John Angerson: English Journey

John Angerson: English Journey
© John Angerson | English Journey

The book ‘English Journey’ by the Bradford author J. B. Priestley was published in 1934 it was an account of his travels across England. It’s a study of contemporary England at the time and its influence had reached far beyond the literary world. It’s claimed that it has influenced writers, such as George Orwell, but also photographers like Bill Brandt and even some of the policies of the 1945 Labour government. John Angerson’s English Journey embraces the spirit of the book and is guided by its subtitle — “Being a rambling but truthful account of what one man saw, and heard, and felt, and thought during a journey through England.” The project looks at the homogenisation and so-called Americanisation of society that seems to have found its way all across England.

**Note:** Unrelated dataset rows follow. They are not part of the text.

section \<open>Protocols defined from histories\<close>

text \<open>On reachable local states, protocol_of n t A agrees with A as soon as A depends on a run
  only through the agent's local state (protocol_of_lst); elsewhere its value is arbitrary.\<close>
definition protocol_of :: "nat \<Rightarrow> nat \<Rightarrow> (nat \<Rightarrow> run \<Rightarrow> nat \<Rightarrow> action) \<Rightarrow> protocol" where
  "protocol_of n t A j s = (let (r, m) = SOME (r, m). r \<in> runs n t \<and> lst n r j m = s in A j r m)"

lemma protocol_of_lst:
  assumes local: "\<And>r r' m. r \<in> runs n t \<Longrightarrow> r' \<in> runs n t \<Longrightarrow>
                     lst n r j m = lst n r' j m \<Longrightarrow> A j r m = A j r' m"
    and r: "r \<in> runs n t"
  shows "protocol_of n t A j (lst n r j m) = A j r m"
proof -
  let ?p = "SOME (r', m'). r' \<in> runs n t \<and> lst n r' j m' = lst n r j m"
  have "fst ?p \<in> runs n t \<and> lst n (fst ?p) j (snd ?p) = lst n r j m"
    using someI[of "\<lambda>(r', m'). r' \<in> runs n t \<and> lst n r' j m' = lst n r j m" "(r, m)"] r
    by (simp add: case_prod_beta)
  moreover from this have "snd ?p = m"
    by (blast dest: lst_eq_time)
  ultimately show ?thesis
    using local[of "fst ?p" r m] r by (simp add: protocol_of_def case_prod_beta)
qed

section \<open>Knowledge\<close>

lemma K_veridical: "r \<in> R \<Longrightarrow> K R n j \<phi> (r, k) \<Longrightarrow> \<phi> (r, k)"
  unfolding K_def by auto

lemma K_eq_lst: "lst n r j k = lst n r' j k \<Longrightarrow> K R n j \<phi> (r, k) = K R n j \<phi> (r', k)"
  unfolding K_def by simp

lemma C_N_imp_E_N: "C_N R n \<phi> pt \<Longrightarrow> E_N R n \<phi> pt"
proof -
  assume "C_N R n \<phi> pt"
  then have "((E_N R n) ^^ 1) \<phi> pt"
    unfolding C_N_def by blast
  then show ?thesis
    by simp
qed

lemma C_N_known:
  assumes "C_N R n \<phi> (r, k)" and "j \<in> rN r"
  shows "K R n j (C_N R n \<phi>) (r, k)"
  unfolding K_def C_N_def prod.case
proof (intro ballI allI impI)
  fix r' m' and l :: nat
  assume r': "r' \<in> R" and eq: "lst n r' j m' = lst n r j k" and "1 \<le> l"
  have "((E_N R n) ^^ Suc l) \<phi> (r, k)"
    using assms(1) unfolding C_N_def by (simp del: funpow.simps)
  then have "E_N R n (((E_N R n) ^^ l) \<phi>) (r, k)"
    by simp
  then have "K R n j (((E_N R n) ^^ l) \<phi>) (r, k)"
    using assms(2) unfolding E_N_def by simp
  then show "((E_N R n) ^^ l) \<phi> (r', m')"
    using r' eq unfolding K_def by simp
qed

lemma K_mono: "K R n j \<phi> pt \<Longrightarrow> (\<And>pt. \<phi> pt \<Longrightarrow> \<psi> pt) \<Longrightarrow> K R n j \<psi> pt"
  unfolding K_def by (auto split: prod.splits)

lemma C_tfaulty_known:
  assumes "C_tfaulty R n t \<phi> (r, k)" and "j \<in> rN r"
  shows "K R n j (C_tfaulty R n t \<phi>) (r, k)"
proof -
  obtain A where A: "A \<subseteq> agts n" "card A = t"
    and C: "C_N R n (\<lambda>(r, m). (\<forall>i\<in>A. i \<notin> rN r) \<and> \<phi> (r, m)) (r, k)"
    using assms(1) unfolding C_tfaulty_def by blast
  have "C_tfaulty R n t \<phi> pt"
    if "C_N R n (\<lambda>(r, m). (\<forall>i\<in>A. i \<notin> rN r) \<and> \<phi> (r, m)) pt" for pt
    unfolding C_tfaulty_def using A that by (intro exI[of _ A]) simp
  then show ?thesis
    using K_mono[OF C_N_known[OF C assms(2)]] by blast
qed

lemma C_tfaulty_veridical:
  assumes "C_tfaulty R n t \<phi> (r, k)" and "r \<in> R" and "rN r \<noteq> {}"
  shows "\<phi> (r, k)"
proof -
  obtain A where "C_N R n (\<lambda>(r, m). (\<forall>i\<in>A. i \<notin> rN r) \<and> \<phi> (r, m)) (r, k)"
    using assms(1) unfolding C_tfaulty_def by blast
  then have E: "E_N R n (\<lambda>(r, m). (\<forall>i\<in>A. i \<notin> rN r) \<and> \<phi> (r, m)) (r, k)"
    by (rule C_N_imp_E_N)
  obtain j where "j \<in> rN r"
    using assms(3) by blast
  with E have "K R n j (\<lambda>(r, m). (\<forall>i\<in>A. i \<notin> rN r) \<and> \<phi> (r, m)) (r, k)"
    unfolding E_N_def by simp
  from K_veridical[OF assms(2) this] show ?thesis
    by simp
qed

section \<open>Deciding early on common knowledge\<close>

definition safe_to_decide :: "protocol \<Rightarrow> nat \<Rightarrow> nat \<Rightarrow> bool \<Rightarrow> fml" where
  "safe_to_decide P n t v = C_tfaulty (runs n t) n t (\<lambda>pt. no_decided P n (\<not> v) pt \<and> exists_init n v pt)"

definition ready :: "protocol \<Rightarrow> nat \<Rightarrow> nat \<Rightarrow> bool \<Rightarrow> nat \<Rightarrow> run \<Rightarrow> nat \<Rightarrow> bool" where
  "ready P n t v j r k \<longleftrightarrow> undecided P n j (r, k) \<and> K (runs n t) n j (safe_to_decide P n t v) (r, k)"

definition early_action :: "protocol \<Rightarrow> nat \<Rightarrow> nat \<Rightarrow> bool \<Rightarrow> nat \<Rightarrow> run \<Rightarrow> nat \<Rightarrow> action" where
  "early_action P n t v j r m =
     (if \<exists>k<m. ready P n t v j r k \<or> is_decide (P j (lst n r j k)) then Noop
      else if ready P n t v j r m then Decide v
      else P j (lst n r j m))"

definition early_protocol :: "protocol \<Rightarrow> nat \<Rightarrow> nat \<Rightarrow> bool \<Rightarrow> protocol" where
  "early_protocol P n t v = protocol_of n t (early_action P n t v)"

lemma safe_to_decide_known:
  "safe_to_decide P n t v (r, k) \<Longrightarrow> j \<in> rN r \<Longrightarrow> K (runs n t) n j (safe_to_decide P n t v) (r, k)"
  unfolding safe_to_decide_def by (rule C_tfaulty_known)

lemma safe_to_decide_veridical:
  assumes "t < n" and "r \<in> runs n t" and "safe_to_decide P n t v (r, k)"
  shows "no_decided P n (\<not> v) (r, k)" and "exists_init n v (r, k)"
  using C_tfaulty_veridical[OF assms(3)[unfolded safe_to_decide_def] assms(2)
      nonfaulty_nonempty[OF assms(2,1)]] by simp_all

lemma ready_eq_prefix:
  assumes "lst n r j m = lst n r' j m" and "k \<le> m"
  shows "ready P n t v j r k = ready P n t v j r' k"
  using undecided_eq_prefix[OF assms] K_eq_lst[OF lst_eq_prefix[OF assms]]
  by (simp add: ready_def)

lemma early_protocol_lst:
  assumes "r \<in> runs n t"
  shows "early_protocol P n t v j (lst n r j m) = early_action P n t v j r m"
  unfolding early_protocol_def
proof (rule protocol_of_lst[OF _ assms])
  fix r r' m
  assume eq: "lst n r j m = lst n r' j m"
  have "ready P n t v j r k = ready P n t v j r' k"
    and "lst n r j k = lst n r' j k" if "k \<le> m" for k
    using ready_eq_prefix[OF eq that] lst_eq_prefix[OF eq that] by simp_all
  then show "early_action P n t v j r m = early_action P n t v j r' m"
    unfolding early_action_def by (simp cong: conj_cong)
qed

lemma early_action_decide_cases:
  assumes "early_action P n t v j r m = Decide w"
  shows "\<forall>k<m. \<not> ready P n t v j r k \<and> \<not> is_decide (P j (lst n r j k))"
    and "ready P n t v j r m \<and> w = v \<or> \<not> ready P n t v j r m \<and> P j (lst n r j m) = Decide w"
  using assms unfolding early_action_def by (auto split: if_splits)

lemma early_action_decides_once:
  assumes "is_decide (early_action P n t v j r m1)" and "m1 < m2"
  shows "\<not> is_decide (early_action P n t v j r m2)"
proof -
  have "ready P n t v j r m1 \<or> is_decide (P j (lst n r j m1))"
    using assms(1) unfolding early_action_def is_decide_def by (auto split: if_splits)
  with assms(2) show ?thesis
    unfolding early_action_def is_decide_def by auto
qed

lemma early_action_decides_first:
  assumes "ready P n t v j r m \<or> is_decide (P j (lst n r j m))"
  shows "\<exists>k\<le>m. is_decide (early_action P n t v j r k)"
proof -
  let ?event = "\<lambda>k. ready P n t v j r k \<or> is_decide (P j (lst n r j k))"
  let ?k = "LEAST k. ?event k"
  have event: "?event ?k" and "?k \<le> m"
    using LeastI[of ?event m] Least_le[of ?event m] assms by simp_all
  have "\<not> (\<exists>k<?k. ?event k)"
    using not_less_Least[of _ ?event] by blast
  then have "early_action P n t v j r ?k =
      (if ready P n t v j r ?k then Decide v else P j (lst n r j ?k))"
    unfolding early_action_def by (simp only: if_False)
  with event have "is_decide (early_action P n t v j r ?k)"
    by (auto simp: is_decide_def)
  with \<open>?k \<le> m\<close> show ?thesis
    by blast
qed

text \<open>Once the common knowledge holds, every nonfaulty agent that has not yet decided \<not>v
  knows it and decides v, so no nonfaulty agent ever decides \<not>v.\<close>
lemma early_action_never_opposite:
  assumes "t < n" and r: "r \<in> runs n t" and safe: "safe_to_decide P n t v (r, k0)"
    and j: "j \<in> rN r"
  shows "early_action P n t v j r m \<noteq> Decide (\<not> v)"
proof
  assume dec: "early_action P n t v j r m = Decide (\<not> v)"
  then have quiet: "\<forall>k<m. \<not> ready P n t v j r k \<and> \<not> is_decide (P j (lst n r j k))"
    and not_ready: "\<not> ready P n t v j r m" and P_dec: "P j (lst n r j m) = Decide (\<not> v)"
    using early_action_decide_cases[OF dec] by auto
  have "no_decided P n (\<not> v) (r, k0)"
    by (rule safe_to_decide_veridical(1)[OF \<open>t < n\<close> r safe])
  moreover have "decides_in_round P n r j (Suc m) (\<not> v)"
    using P_dec by (simp add: decides_in_round_def)
  ultimately have "\<not> Suc m \<le> k0"
    using j unfolding no_decided_def decided_val_def by auto
  then have "k0 \<le> m"
    by simp
  have "\<not> is_decide (P j (lst n r j (l - 1)))" if "1 \<le> l" and "l \<le> k0" for l
    using quiet that \<open>k0 \<le> m\<close> by simp
  then have "undecided P n j (r, k0)"
    unfolding undecided_def decides_in_round_def is_decide_def by auto
  moreover have "K (runs n t) n j (safe_to_decide P n t v) (r, k0)"
    by (rule safe_to_decide_known[OF safe j])
  ultimately have "ready P n t v j r k0"
    by (simp add: ready_def)
  with quiet not_ready \<open>k0 \<le> m\<close> show False
    by (cases "k0 = m") auto
qed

A Western Daily Press newspaper headline reading “Don’t Sacrifice Any More Lives” is juxtaposed with the picture of a car carrying a coffin draped in the Union Jack; A Liverpool football programme with players in action side by side with a green football pitch and its halfway line in the middle; A touring England map game with a red car on its cover together with a photograph of a red car being built in the Nissan car plant; Angerson cleverly explores the power of photography and the way we read images not as a single entity but depending on context. Two images side by side create a fascinating relationship, a push and pull of sorts in which one informs the reading of the other and vice versa.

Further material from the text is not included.